Work request - Only lines with the string "also" should be returned from the data below.

[Stored items]
↓↓↓
(* Let $P$ be a program, $SQ$ a stack-queue scheduling rule and $G$ a p-goal. If there is a finite p-RSLD derivation $G\xrightarrow{SQ,X.P}>>Q$ of $G$ in $P$ via $SQ$ with template $X$ and final reduced resolvent $Q$, then there exist a template $Z$ and a p-SLD derivation $G\xrightarrow{SQ,Z.P}R$ with $X\subseteq_L Z$ and $\#Q\le\#R$.
   Context: A p-atom is a pair $a[p]$ of an atom $a$ and a rational priority $p$. A p-goal is a finite set of p-atoms with pairwise distinct priorities, regarded as a list ordered by increasing priority; $\#G$ is its number of p-atoms. Substitutions act on atoms and leave priorities unchanged. A clause is $h\leftarrow B$ with $h$ an atom and $B$ a p-goal; a program is a finite set of clauses. For p-goals with no common priority, $F+G=F\cup G$; $F|G$ denotes $F+G$ when all priorities of $F$ are smaller than those of $G$. A shifting $\underline{\pi}$ is a strictly increasing bijection $\mathbb{Q}\to\mathbb{Q}$ acting on priorities. Priority derivation step: for a p-goal $a|F$ ($a$ of least priority), clause $c=(h\leftarrow B)$, renaming $\xi$ with $var(a|F)\cap var(c\xi)=\emptyset$, idempotent relevant mgu $\theta$ of $a$ and $h\xi$, shifting $\underline{\pi}$ with $F$, $B\xi\underline{\pi}$ sharing no priority: $a|F\xrightarrow{c\xi,\theta}(F+B\xi\underline{\pi})\theta$. A p-SLD derivation is a sequence of such steps with each renamed clause $c_j\xi_j$ variable-disjoint from the initial goal and all earlier renamed clauses; its template is the sequence of applied clauses. For templates, $X\subseteq_L Y$ means $X$ is a subsequence of $Y$. $G\xrightarrow{S,M.P}R$ denotes a p-SLD derivation with template $M$, clauses in $P$, steps in $S$. Lowering: for $c=(h\leftarrow B)$, a step $a\lambda\underline{\sigma}|(K\lambda\underline{\sigma}+X)\xrightarrow{c}(X+K\lambda\underline{\sigma}+B\xi''\underline{\theta}'')\alpha''$ is a lowering by $X$ of $a|K\xrightarrow{c}(K+B\xi'\underline{\theta}')\alpha'$; a congruent lowering if some shifting $\underline{\rho}$ has $K\underline{\rho}=K\underline{\sigma}$ and $B\underline{\theta}'\underline{\rho}=B\underline{\theta}''$. Steps are congruent lowerings of each other if each is a congruent lowering of the other. A set $S$ of steps is complete if (i) whenever some step $G\xrightarrow{c}\cdot$ exists, some step $G\xrightarrow{c}\cdot$ lies in $S$, and (ii) $S$ contains every step that is a congruent lowering of each other with a step of $S$. Stack-queue scheduling rule: a complete set $SQ$ of steps such that for every clause $c=(h\leftarrow B)$ there are p-goals $M_s,M_q$ with $B=M_s|M_q$ such that every step $a|K\xrightarrow{c\xi,\mu}R$ in $SQ$ satisfies $R=(M_s\xi\underline{\gamma}|K|M_q\xi\underline{\gamma})\mu$ for some shifting $\underline{\gamma}$. Priority reduced goal: for a set of variables $X$, substitution $\tau$ and p-goal $G$, $N$ is a reduced p-goal of $G$ by $\tau$ up to $X$, written $G>>^{\tau}N$, if (i) $G=F+\{a_1[p_1],\dots,a_h[p_h]\}+A_1+\dots+A_h$ where $F,A_1,\dots,A_h$ are p-goals and $b\tau=a_j$ for every $b[s]\in A_j$; (ii) $N=F+\{a_1[r_1],\dots,a_h[r_h]\}$ with $r_j=\min(\{p_j\}\cup\{\text{priorities of }A_j\})$; (iii) $x\tau=x$ for all $x\in X\cup var(N)$. p-RSLD derivation of $G_0$ in $P$: a sequence $G_0>>^{\alpha_0}N_0\xrightarrow{c_0\xi_0,\theta_0}G_1>>^{\alpha_1}N_1\xrightarrow{c_1\xi_1,\theta_1}\cdots$ where each $N_j\xrightarrow{c_j\xi_j,\theta_j}G_{j+1}$ is a priority derivation step with $c_j\in P$ and $var(c_j\xi_j)\cap(var(G_0)\cup var(c_0\xi_0)\cup\dots\cup var(c_{j-1}\xi_{j-1}))=\emptyset$, and $G_j>>^{\alpha_j}N_j$ up to $var(G_0\theta_0\cdots\theta_{j-1})$. It is via $S$ if all its derivation steps belong to $S$; $G\xrightarrow{S,D.P}>>N$ denotes a finite such derivation with template $D$ whose last element is the reduced resolvent $N$. *)

theory Defs
  imports Complex_Main "HOL-Library.Sublist"
begin
lemma compactly_supported_continuous_bounded:
  assumes "compactly_supported_continuous f"
  obtains B where "\<And>x. \<bar>f x\<bar> \<le> B"
proof -
  have "compact (f ` closure {x. f x \<noteq> 0})"
    using assms unfolding compactly_supported_continuous_def
    by (intro compact_continuous_image) (auto intro: continuous_on_subset)
  then obtain B where B: "\<And>y. y \<in> f ` closure {x. f x \<noteq> 0} \<Longrightarrow> \<bar>y\<bar> \<le> B"
    by (metis bounded_iff compact_imp_bounded real_norm_def)
  have "\<bar>f x\<bar> \<le> max B 0" for x
    using B[of "f x"] closure_subset[of "{x. f x \<noteq> 0}"] by (cases "f x = 0") auto
  with that show ?thesis .
qed

definition half_line_kernel :: "real \<Rightarrow> real \<Rightarrow> real \<Rightarrow> real" where
  "half_line_kernel \<alpha> s t = (s * t) powr (-1/4) * frakK \<alpha> (t / s)"

lemma half_line_kernel_nonneg: "0 \<le> half_line_kernel \<alpha> s t"
  by (simp add: half_line_kernel_def frakK_def)

lemma half_line_kernel_eq:
  assumes "0 < s" "0 < t"
  shows "half_line_kernel \<alpha> s t = (s\<^sup>2 + t\<^sup>2 - 2 * s * t * cos (2 * \<alpha>)) powr (-1/4)"
proof -
  have "4 * (sin \<alpha>)\<^sup>2 + (sqrt (t / s) - 1 / sqrt (t / s))\<^sup>2
      = (s\<^sup>2 + t\<^sup>2 - 2 * s * t * cos (2 * \<alpha>)) / (s * t)"
    unfolding cos_double_sin
    using assms by (simp add: real_sqrt_divide field_simps power2_eq_square)
  moreover have "0 \<le> s\<^sup>2 + t\<^sup>2 - 2 * s * t * cos (2 * \<alpha>)"
  proof -
    have "s * t * cos (2 * \<alpha>) \<le> s * t"
      using assms by (simp add: mult_left_le)
    then show ?thesis
      using zero_le_power2[of "s - t"] by (simp add: power2_diff)
  qed
  ultimately show ?thesis
    using assms by (simp add: half_line_kernel_def frakK_def powr_divide)
qed

lemma power2_powr_neg_quarter:
  fixes x :: real
  assumes "0 \<le> x"
  shows "(x\<^sup>2) powr (-1/4) = x powr (-1/2)"
proof -
  have "x\<^sup>2 = x powr 2"
    using assms by (cases "x = 0") (simp_all add: powr_numeral)
  then show ?thesis
    by (simp add: powr_powr)
qed

lemma norm_diff_scaleR_powr:
  fixes e e' :: "'a::real_inner"
  assumes "norm e = 1" "norm e' = 1" "e \<bullet> e' = cos (2 * \<alpha>)" "0 < s" "0 < t"
  shows "norm (t *\<^sub>R e' - s *\<^sub>R e) powr (-1/2) = half_line_kernel \<alpha> s t"
proof -
  have "(norm (t *\<^sub>R e' - s *\<^sub>R e))\<^sup>2 = s\<^sup>2 + t\<^sup>2 - 2 * s * t * cos (2 * \<alpha>)"
    using assms unfolding power2_norm_eq_inner
    by (simp add: inner_diff_left inner_diff_right inner_commute[of e' e] norm_eq_1
        power2_eq_square algebra_simps)
  then show ?thesis
    using half_line_kernel_eq[OF assms(4,5)] power2_powr_neg_quarter[OF norm_ge_zero] by metis
qed

lemma half_line_kernel_0:
  assumes "0 < s" "0 < t"
  shows "half_line_kernel 0 s t = \<bar>t - s\<bar> powr (-1/2)"
  using norm_diff_scaleR_powr[of "1::real" 1 0 s t] assms by simp

(* s \<noteq> t is needed: on the diagonal K_0 takes the junk value 0 powr (-1/4) = 0. *)
lemma half_line_kernel_le_0:
  assumes "0 < s" "0 < t" "s \<noteq> t"
  shows "half_line_kernel \<alpha> s t \<le> half_line_kernel 0 s t"
proof -
  have "s * t * cos (2 * \<alpha>) \<le> s * t"
    using assms by (simp add: mult_left_le)
  moreover have "0 < (s - t)\<^sup>2"
    using assms by simp
  ultimately show ?thesis
    using assms unfolding half_line_kernel_eq[OF assms(1,2)]
    by (intro powr_mono2') (auto simp: power2_diff)
qed

lemma abs_mult_half_line_kernel_le:
  assumes "0 < x" "0 < y" "x \<noteq> y" "\<bar>u\<bar> \<le> B" "\<bar>v\<bar> \<le> B'"
  shows "\<bar>u * v\<bar> * half_line_kernel \<alpha> x y \<le> B * B' * \<bar>x - y\<bar> powr (-1/2)"
proof -
  have "\<bar>u * v\<bar> \<le> B * B'"
    unfolding abs_mult using assms(4,5) by (intro mult_mono) auto
  moreover have "half_line_kernel \<alpha> x y \<le> \<bar>x - y\<bar> powr (-1/2)"
    using half_line_kernel_le_0[OF assms(1-3)] half_line_kernel_0[OF assms(1,2)]
    by (simp add: abs_minus_commute)
  ultimately show ?thesis
    by (intro mult_mono) (auto simp: half_line_kernel_nonneg)
qed

lemma borel_measurable_half_line_kernel[measurable]:
  assumes [measurable]: "f \<in> borel_measurable M" "g \<in> borel_measurable M"
  shows "(\<lambda>z. half_line_kernel \<alpha> (f z) (g z)) \<in> borel_measurable M"
  unfolding half_line_kernel_def frakK_def by measurable

lemma AE_lborel_pair_fst_ne_snd: "AE z in lborel \<Otimes>\<^sub>M lborel. fst z \<noteq> (snd z :: real)"
proof (rule lborel_pair.AE_pair_measure)
  have "AE x in lborel. AE y in lborel. (x::real) \<noteq> y"
  proof (rule AE_I2)
    fix x :: real
    show "AE y in lborel. x \<noteq> y"
      using AE_lborel_singleton[of x] by eventually_elim auto
  qed
  then show "AE x in lborel. AE y in lborel. fst (x::real, y) \<noteq> snd (x, y)"
    by simp
qed measurable

lemma AE_lborel_pair_off_axes: "AE z in lborel \<Otimes>\<^sub>M lborel. fst z \<noteq> (0::real) \<and> snd z \<noteq> (0::real)"
proof (rule lborel_pair.AE_pair_measure)
  show "AE x in lborel. AE y in lborel. fst (x::real, y::real) \<noteq> 0 \<and> snd (x, y) \<noteq> 0"
    using AE_lborel_singleton[of 0] by eventually_elim (simp add: AE_lborel_singleton)
qed measurable

lemma nn_integral_abs_powr_neg_half_finite:
  fixes L :: real
  assumes "0 \<le> L"
  shows "(\<integral>\<^sup>+y. ennreal (indicator {-L..L} y * \<bar>y\<bar> powr (-1/2)) \<partial>lborel) < \<infinity>"
proof -
  define f where "f y = ennreal (y powr (-1/2)) * indicator {0..L} y" for y :: real
  have [measurable]: "f \<in> borel_measurable borel"
    unfolding f_def by measurable
  have f_finite: "integral\<^sup>N lborel f = ennreal (L powr (1/2) / (1/2))"
    unfolding f_def
    by (rule nn_integral_has_integral_lebesgue') (use has_integral_powr_from_0[of "-1/2" L] assms in auto)
  have f_reflect: "(\<integral>\<^sup>+y. f (- y) \<partial>lborel) = integral\<^sup>N lborel f"
    using nn_integral_real_affine[of f "-1" 0] by simp
  have "(\<integral>\<^sup>+y. ennreal (indicator {-L..L} y * \<bar>y\<bar> powr (-1/2)) \<partial>lborel)
      \<le> (\<integral>\<^sup>+y. f y + f (- y) \<partial>lborel)"
    by (intro nn_integral_mono) (auto simp: f_def indicator_def)
  also have "\<dots> = integral\<^sup>N lborel f + (\<integral>\<^sup>+y. f (- y) \<partial>lborel)"
    by (intro nn_integral_add) auto
  also have "\<dots> < \<infinity>"
    using f_finite f_reflect by (simp flip: ennreal_plus)
  finally show ?thesis .
qed

lemma integrable_abs_diff_powr_neg_half_box:
  fixes a b :: real
  assumes "a \<le> b"
  shows "integrable (lborel \<Otimes>\<^sub>M lborel)
    (\<lambda>z. indicator ({a..b} \<times> {a..b}) z * \<bar>fst z - snd z\<bar> powr (-1/2))"
proof (subst integrable_iff_bounded, intro conjI)
  show "(\<lambda>z. indicator ({a..b} \<times> {a..b}) z * \<bar>fst z - snd z\<bar> powr (-1/2))
      \<in> borel_measurable (lborel \<Otimes>\<^sub>M lborel)"
    by measurable
  define g where "g y = ennreal (indicator {a-b..b-a} y * \<bar>y\<bar> powr (-1/2))" for y :: real
  have [measurable]: "g \<in> borel_measurable borel"
    unfolding g_def by measurable
  define C where "C = integral\<^sup>N lborel g"
  have "C < \<infinity>"
    unfolding C_def g_def using nn_integral_abs_powr_neg_half_finite[of "b - a"] assms by simp
  have inner: "(\<integral>\<^sup>+y. ennreal (norm (indicator ({a..b} \<times> {a..b}) (x, y) * \<bar>x - y\<bar> powr (-1/2))) \<partial>lborel)
      \<le> indicator {a..b} x * C" for x
  proof -
    have "(\<integral>\<^sup>+y. ennreal (norm (indicator ({a..b} \<times> {a..b}) (x, y) * \<bar>x - y\<bar> powr (-1/2))) \<partial>lborel)
        \<le> (\<integral>\<^sup>+y. indicator {a..b} x * g (y - x) \<partial>lborel)"
      by (intro nn_integral_mono) (auto simp: g_def indicator_def abs_minus_commute)
    also have "\<dots> = indicator {a..b} x * (\<integral>\<^sup>+y. g (y - x) \<partial>lborel)"
      by (intro nn_integral_cmult) measurable
    also have "(\<integral>\<^sup>+y. g (y - x) \<partial>lborel) = C"
      unfolding C_def using nn_integral_real_affine[of "\<lambda>y. g (y - x)" 1 x] by simp
    finally show ?thesis .
  qed
  have "(\<integral>\<^sup>+z. ennreal (norm (indicator ({a..b} \<times> {a..b}) z * \<bar>fst z - snd z\<bar> powr (-1/2))) \<partial>(lborel \<Otimes>\<^sub>M lborel))
      = (\<integral>\<^sup>+x. \<integral>\<^sup>+y. ennreal (norm (indicator ({a..b} \<times> {a..b}) (x, y) * \<bar>x - y\<bar> powr (-1/2))) \<partial>lborel \<partial>lborel)"
    by (subst lborel.nn_integral_fst[symmetric]) (auto simp: case_prod_beta)
  also have "\<dots> \<le> (\<integral>\<^sup>+x. indicator {a..b} x * C \<partial>lborel)"
    by (intro nn_integral_mono inner)
  also have "\<dots> = C * emeasure lborel {a..b}"
    by (subst nn_integral_cmult_indicator[symmetric]) (auto simp: mult.commute)
  also have "\<dots> < \<infinity>"
    using \<open>C < \<infinity>\<close> assms by (simp add: ennreal_mult_less_top)
  finally show "(\<integral>\<^sup>+z. ennreal (norm (indicator ({a..b} \<times> {a..b}) z * \<bar>fst z - snd z\<bar> powr (-1/2))) \<partial>(lborel \<Otimes>\<^sub>M lborel)) < \<infinity>" .
qed
lemma aci_completion_merge:
  fixes M :: "'a::field aff mat"
  assumes aci: "aci_matrix k M" and G: "G \<subseteq> {..<dim_col M}"
  obtains x where "\<forall>i<dim_row M. \<forall>j\<in>G. completion_fun k M x i j = completion_fun k M x1 i j"
    and "\<forall>i<dim_row M. \<forall>j\<in>{..<dim_col M} - G. completion_fun k M x i j = completion_fun k M x2 i j"
proof -
  let ?occurs = "\<lambda>v. \<exists>i j. i < dim_row M \<and> j \<in> G \<and> (M $$ (i,j)) (Suc v) \<noteq> 0"
  define x where "x v = (if ?occurs v then x1 v else x2 v)" for v
  have term1: "(M $$ (i,j)) (Suc v) * x v = (M $$ (i,j)) (Suc v) * x1 v"
    if "i < dim_row M" "j \<in> G" for i j v
    using that unfolding x_def by auto
  have 1: "completion_fun k M x i j = completion_fun k M x1 i j"
    if "i < dim_row M" "j \<in> G" for i j
    unfolding completion_fun_def aff_eval_def using term1[OF that]
    by (intro arg_cong2[where f = "(+)"] refl sum.cong) auto
  \<comment> \<open>An indeterminate occurring in a column outside G does not occur in G.\<close>
  have term2: "(M $$ (i,j)) (Suc v) * x v = (M $$ (i,j)) (Suc v) * x2 v"
    if "i < dim_row M" "j \<in> {..<dim_col M} - G" "v < k" for i j v
  proof (cases "?occurs v")
    case True
    then obtain i' j' where "i' < dim_row M" "j' \<in> G" "(M $$ (i',j')) (Suc v) \<noteq> 0" by blast
    then have "(M $$ (i,j)) (Suc v) = 0"
      using aci that G unfolding aci_matrix_def by blast
    then show ?thesis by simp
  qed (auto simp: x_def)
  have 2: "completion_fun k M x i j = completion_fun k M x2 i j"
    if "i < dim_row M" "j \<in> {..<dim_col M} - G" for i j
    unfolding completion_fun_def aff_eval_def using term2[OF that]
    by (intro arg_cong2[where f = "(+)"] refl sum.cong) auto
  show ?thesis using 1 2 that by blast
qed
↑↑↑
Completed exercise -
  also have "\<dots> = integral\<^sup>N lborel f + (\<integral>\<^sup>+y. f (- y) \<partial>lborel)"
  also have "\<dots> < \<infinity>"
    also have "\<dots> = indicator {a..b} x * (\<integral>\<^sup>+y. g (y - x) \<partial>lborel)"
    also have "(\<integral>\<^sup>+y. g (y - x) \<partial>lborel) = C"
  also have "\<dots> \<le> (\<integral>\<^sup>+x. indicator {a..b} x * C \<partial>lborel)"
  also have "\<dots> = C * emeasure lborel {a..b}"
  also have "\<dots> < \<infinity>"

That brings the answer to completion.